What you have to do
What follows is a listing. Return every line of it exactly.

-- -- --

lemma var_p_2_star: "var_p (star_E n) 2 g = sqrt (\<Sum>i=2..n. (g 1 - g i)\<^sup>2)"
proof -
  have edges: "star_E n = (\<lambda>i. {1, i}) ` {2..n}"
    unfolding star_E_def by auto
  have "inj_on (\<lambda>i. {1::nat, i}) {2..n}"
    by (rule inj_onI) (auto simp: doubleton_eq_iff)
  then have "(\<Sum>e\<in>star_E n. edge_diff g e powr 2) = (\<Sum>i=2..n. (g 1 - g i)\<^sup>2)"
    unfolding edges by (simp add: sum.reindex edge_diff_doubleton powr_numeral)
  then show ?thesis
    unfolding var_p_def by (simp add: powr_half_sqrt sum_nonneg)
qed

lemma var_p_2_maximal_op_star_le:
  assumes "3 \<le> n"
  shows "var_p (star_E n) 2 (maximal_op (star_V n) (star_E n) f)
    \<le> sqrt ((real n)\<^sup>2 - n - 1) / n * var_p (star_E n) 2 f"
proof -
  let ?M = "maximal_op (star_V n) (star_E n) f"
  define A where "A = mean_abs f {1..n}"
  define K where "K = (real n)\<^sup>2 - n - 1"
  have card: "real (card {2..n}) + 1 = real n"
    using assms by simp
  have "0 \<le> K"
    using star_constant_pos[of n] assms by (simp add: K_def)
  have "?M 1 = max \<bar>f 1\<bar> A"
    unfolding A_def using assms by (intro maximal_op_star_center) simp
  then have "(\<Sum>i=2..n. (?M 1 - ?M i)\<^sup>2)
      = (\<Sum>i=2..n. (max \<bar>f 1\<bar> A - max \<bar>f i\<bar> (max ((\<bar>f 1\<bar> + \<bar>f i\<bar>) / 2) A))\<^sup>2)"
    by (intro sum.cong) (simp_all add: maximal_op_star_leaf A_def)
  also have "\<dots> \<le> K / (real n)\<^sup>2 * (\<Sum>i=2..n. (\<bar>f 1\<bar> - \<bar>f i\<bar>)\<^sup>2)"
  proof -
    have "real n * A = \<bar>f 1\<bar> + (\<Sum>i=2..n. \<bar>f i\<bar>)"
      unfolding A_def using assms mean_abs_star_V[of n f] by simp
    then show ?thesis
      using star_oscillation_bound[of "{2..n}" A "\<bar>f 1\<bar>" "\<lambda>i. \<bar>f i\<bar>", unfolded card] assms
      by (simp add: K_def field_simps)
  qed
  also have "\<dots> \<le> K / (real n)\<^sup>2 * (\<Sum>i=2..n. (f 1 - f i)\<^sup>2)"
    using \<open>0 \<le> K\<close> abs_triangle_ineq3
    by (intro mult_left_mono sum_mono) (auto simp: abs_le_square_iff[symmetric])
  finally have "sqrt (\<Sum>i=2..n. (?M 1 - ?M i)\<^sup>2)
      \<le> sqrt (K / (real n)\<^sup>2 * (\<Sum>i=2..n. (f 1 - f i)\<^sup>2))"
    by (rule real_sqrt_le_mono)
  also have "\<dots> = sqrt K / n * sqrt (\<Sum>i=2..n. (f 1 - f i)\<^sup>2)"
    by (simp add: real_sqrt_mult real_sqrt_divide)
  finally show ?thesis
    unfolding var_p_2_star K_def .
qed

lemma var_p_2_maximal_op_star_extremal:
  assumes "3 \<le> n"
  defines "f \<equiv> \<lambda>i::nat.
    if i = 1 then real n - 1 else if i = 2 then 2 * (real n - 1) else real n - 2"
  shows "var_p (star_E n) 2 f = sqrt ((real n)\<^sup>2 - n - 1)"
    and "var_p (star_E n) 2 (maximal_op (star_V n) (star_E n) f) = ((real n)\<^sup>2 - n - 1) / n"
proof -
  let ?M = "maximal_op (star_V n) (star_E n) f"
  define A where "A = mean_abs f {1..n}"
  have split: "(\<Sum>i=2..n. g i) = g 2 + (\<Sum>i=3..n. g i)" for g :: "nat \<Rightarrow> real"
    using assms(1) by (simp add: sum.atLeast_Suc_atMost numeral_3_eq_3 numeral_2_eq_2)
  have leaves: "(\<Sum>i=3..n. g i) = (real n - 2) * c" if "\<And>i. 3 \<le> i \<Longrightarrow> i \<le> n \<Longrightarrow> g i = c"
    for g :: "nat \<Rightarrow> real" and c
    using assms(1) that by (simp add: of_nat_diff)
  have f_nonneg: "\<bar>f i\<bar> = f i" for i
    using assms(1) by (simp add: f_def)
  have "real n * A = \<bar>f 1\<bar> + (\<Sum>i=2..n. \<bar>f i\<bar>)"
    unfolding A_def using assms(1) mean_abs_star_V[of n f] by simp
  also have "\<dots> = (real n)\<^sup>2 - n + 1"
    unfolding split f_nonneg
    by (subst leaves[of _ "real n - 2"]) (auto simp: f_def power2_eq_square algebra_simps)
  finally have nA: "real n * A = (real n)\<^sup>2 - n + 1" .
  then have "A = real n - 1 + 1 / real n"
    using assms(1) by (simp add: field_simps power2_eq_square)
  moreover have "0 < 1 / real n" "1 / real n \<le> 1" "3 \<le> real n"
    using assms(1) by simp_all
  ultimately have A_bounds: "real n - 1 < A" "A \<le> 2 * real n - 2"
    by linarith+
  have M_center: "?M 1 = A"
    using assms(1) maximal_op_star_center[of n f] A_bounds by (simp add: A_def f_def)
  have M_2: "?M 2 = 2 * (real n - 1)"
    using assms(1) maximal_op_star_leaf[of 2 n f] A_bounds by (simp add: A_def f_def max_def)
  have M_leaf: "?M i = A" if "3 \<le> i" "i \<le> n" for i
    using that maximal_op_star_leaf[of i n f] A_bounds by (simp add: A_def f_def max_def)
  show "var_p (star_E n) 2 f = sqrt ((real n)\<^sup>2 - n - 1)"
    unfolding var_p_2_star split
    by (subst leaves[of _ 1]) (auto simp: f_def power2_eq_square algebra_simps)
  have "(\<Sum>i=2..n. (?M 1 - ?M i)\<^sup>2) = (2 * (real n - 1) - A)\<^sup>2"
    unfolding split M_center M_2 by (subst leaves[of _ 0]) (auto simp: M_leaf power2_commute)
  moreover have "((real n)\<^sup>2 - n - 1) / n = 2 * (real n - 1) - A"
    using nA assms(1) by (simp add: field_simps power2_eq_square)
  ultimately show "var_p (star_E n) 2 ?M = ((real n)\<^sup>2 - n - 1) / n"
    unfolding var_p_2_star using A_bounds by simp
qed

-- -- --

Answer box
lemma var_p_2_star: "var_p (star_E n) 2 g = sqrt (\<Sum>i=2..n. (g 1 - g i)\<^sup>2)"
proof -
  have edges: "star_E n = (\<lambda>i. {1, i}) ` {2..n}"
    unfolding star_E_def by auto
  have "inj_on (\<lambda>i. {1::nat, i}) {2..n}"
    by (rule inj_onI) (auto simp: doubleton_eq_iff)
  then have "(\<Sum>e\<in>star_E n. edge_diff g e powr 2) = (\<Sum>i=2..n. (g 1 - g i)\<^sup>2)"
    unfolding edges by (simp add: sum.reindex edge_diff_doubleton powr_numeral)
  then show ?thesis
    unfolding var_p_def by (simp add: powr_half_sqrt sum_nonneg)
qed

lemma var_p_2_maximal_op_star_le:
  assumes "3 \<le> n"
  shows "var_p (star_E n) 2 (maximal_op (star_V n) (star_E n) f)
    \<le> sqrt ((real n)\<^sup>2 - n - 1) / n * var_p (star_E n) 2 f"
proof -
  let ?M = "maximal_op (star_V n) (star_E n) f"
  define A where "A = mean_abs f {1..n}"
  define K where "K = (real n)\<^sup>2 - n - 1"
  have card: "real (card {2..n}) + 1 = real n"
    using assms by simp
  have "0 \<le> K"
    using star_constant_pos[of n] assms by (simp add: K_def)
  have "?M 1 = max \<bar>f 1\<bar> A"
    unfolding A_def using assms by (intro maximal_op_star_center) simp
  then have "(\<Sum>i=2..n. (?M 1 - ?M i)\<^sup>2)
      = (\<Sum>i=2..n. (max \<bar>f 1\<bar> A - max \<bar>f i\<bar> (max ((\<bar>f 1\<bar> + \<bar>f i\<bar>) / 2) A))\<^sup>2)"
    by (intro sum.cong) (simp_all add: maximal_op_star_leaf A_def)
  also have "\<dots> \<le> K / (real n)\<^sup>2 * (\<Sum>i=2..n. (\<bar>f 1\<bar> - \<bar>f i\<bar>)\<^sup>2)"
  proof -
    have "real n * A = \<bar>f 1\<bar> + (\<Sum>i=2..n. \<bar>f i\<bar>)"
      unfolding A_def using assms mean_abs_star_V[of n f] by simp
    then show ?thesis
      using star_oscillation_bound[of "{2..n}" A "\<bar>f 1\<bar>" "\<lambda>i. \<bar>f i\<bar>", unfolded card] assms
      by (simp add: K_def field_simps)
  qed
  also have "\<dots> \<le> K / (real n)\<^sup>2 * (\<Sum>i=2..n. (f 1 - f i)\<^sup>2)"
    using \<open>0 \<le> K\<close> abs_triangle_ineq3
    by (intro mult_left_mono sum_mono) (auto simp: abs_le_square_iff[symmetric])
  finally have "sqrt (\<Sum>i=2..n. (?M 1 - ?M i)\<^sup>2)
      \<le> sqrt (K / (real n)\<^sup>2 * (\<Sum>i=2..n. (f 1 - f i)\<^sup>2))"
    by (rule real_sqrt_le_mono)
  also have "\<dots> = sqrt K / n * sqrt (\<Sum>i=2..n. (f 1 - f i)\<^sup>2)"
    by (simp add: real_sqrt_mult real_sqrt_divide)
  finally show ?thesis
    unfolding var_p_2_star K_def .
qed

lemma var_p_2_maximal_op_star_extremal:
  assumes "3 \<le> n"
  defines "f \<equiv> \<lambda>i::nat.
    if i = 1 then real n - 1 else if i = 2 then 2 * (real n - 1) else real n - 2"
  shows "var_p (star_E n) 2 f = sqrt ((real n)\<^sup>2 - n - 1)"
    and "var_p (star_E n) 2 (maximal_op (star_V n) (star_E n) f) = ((real n)\<^sup>2 - n - 1) / n"
proof -
  let ?M = "maximal_op (star_V n) (star_E n) f"
  define A where "A = mean_abs f {1..n}"
  have split: "(\<Sum>i=2..n. g i) = g 2 + (\<Sum>i=3..n. g i)" for g :: "nat \<Rightarrow> real"
    using assms(1) by (simp add: sum.atLeast_Suc_atMost numeral_3_eq_3 numeral_2_eq_2)
  have leaves: "(\<Sum>i=3..n. g i) = (real n - 2) * c" if "\<And>i. 3 \<le> i \<Longrightarrow> i \<le> n \<Longrightarrow> g i = c"
    for g :: "nat \<Rightarrow> real" and c
    using assms(1) that by (simp add: of_nat_diff)
  have f_nonneg: "\<bar>f i\<bar> = f i" for i
    using assms(1) by (simp add: f_def)
  have "real n * A = \<bar>f 1\<bar> + (\<Sum>i=2..n. \<bar>f i\<bar>)"
    unfolding A_def using assms(1) mean_abs_star_V[of n f] by simp
  also have "\<dots> = (real n)\<^sup>2 - n + 1"
    unfolding split f_nonneg
    by (subst leaves[of _ "real n - 2"]) (auto simp: f_def power2_eq_square algebra_simps)
  finally have nA: "real n * A = (real n)\<^sup>2 - n + 1" .
  then have "A = real n - 1 + 1 / real n"
    using assms(1) by (simp add: field_simps power2_eq_square)
  moreover have "0 < 1 / real n" "1 / real n \<le> 1" "3 \<le> real n"
    using assms(1) by simp_all
  ultimately have A_bounds: "real n - 1 < A" "A \<le> 2 * real n - 2"
    by linarith+
  have M_center: "?M 1 = A"
    using assms(1) maximal_op_star_center[of n f] A_bounds by (simp add: A_def f_def)
  have M_2: "?M 2 = 2 * (real n - 1)"
    using assms(1) maximal_op_star_leaf[of 2 n f] A_bounds by (simp add: A_def f_def max_def)
  have M_leaf: "?M i = A" if "3 \<le> i" "i \<le> n" for i
    using that maximal_op_star_leaf[of i n f] A_bounds by (simp add: A_def f_def max_def)
  show "var_p (star_E n) 2 f = sqrt ((real n)\<^sup>2 - n - 1)"
    unfolding var_p_2_star split
    by (subst leaves[of _ 1]) (auto simp: f_def power2_eq_square algebra_simps)
  have "(\<Sum>i=2..n. (?M 1 - ?M i)\<^sup>2) = (2 * (real n - 1) - A)\<^sup>2"
    unfolding split M_center M_2 by (subst leaves[of _ 0]) (auto simp: M_leaf power2_commute)
  moreover have "((real n)\<^sup>2 - n - 1) / n = 2 * (real n - 1) - A"
    using nA assms(1) by (simp add: field_simps power2_eq_square)
  ultimately show "var_p (star_E n) 2 ?M = ((real n)\<^sup>2 - n - 1) / n"
    unfolding var_p_2_star using A_bounds by simp
qed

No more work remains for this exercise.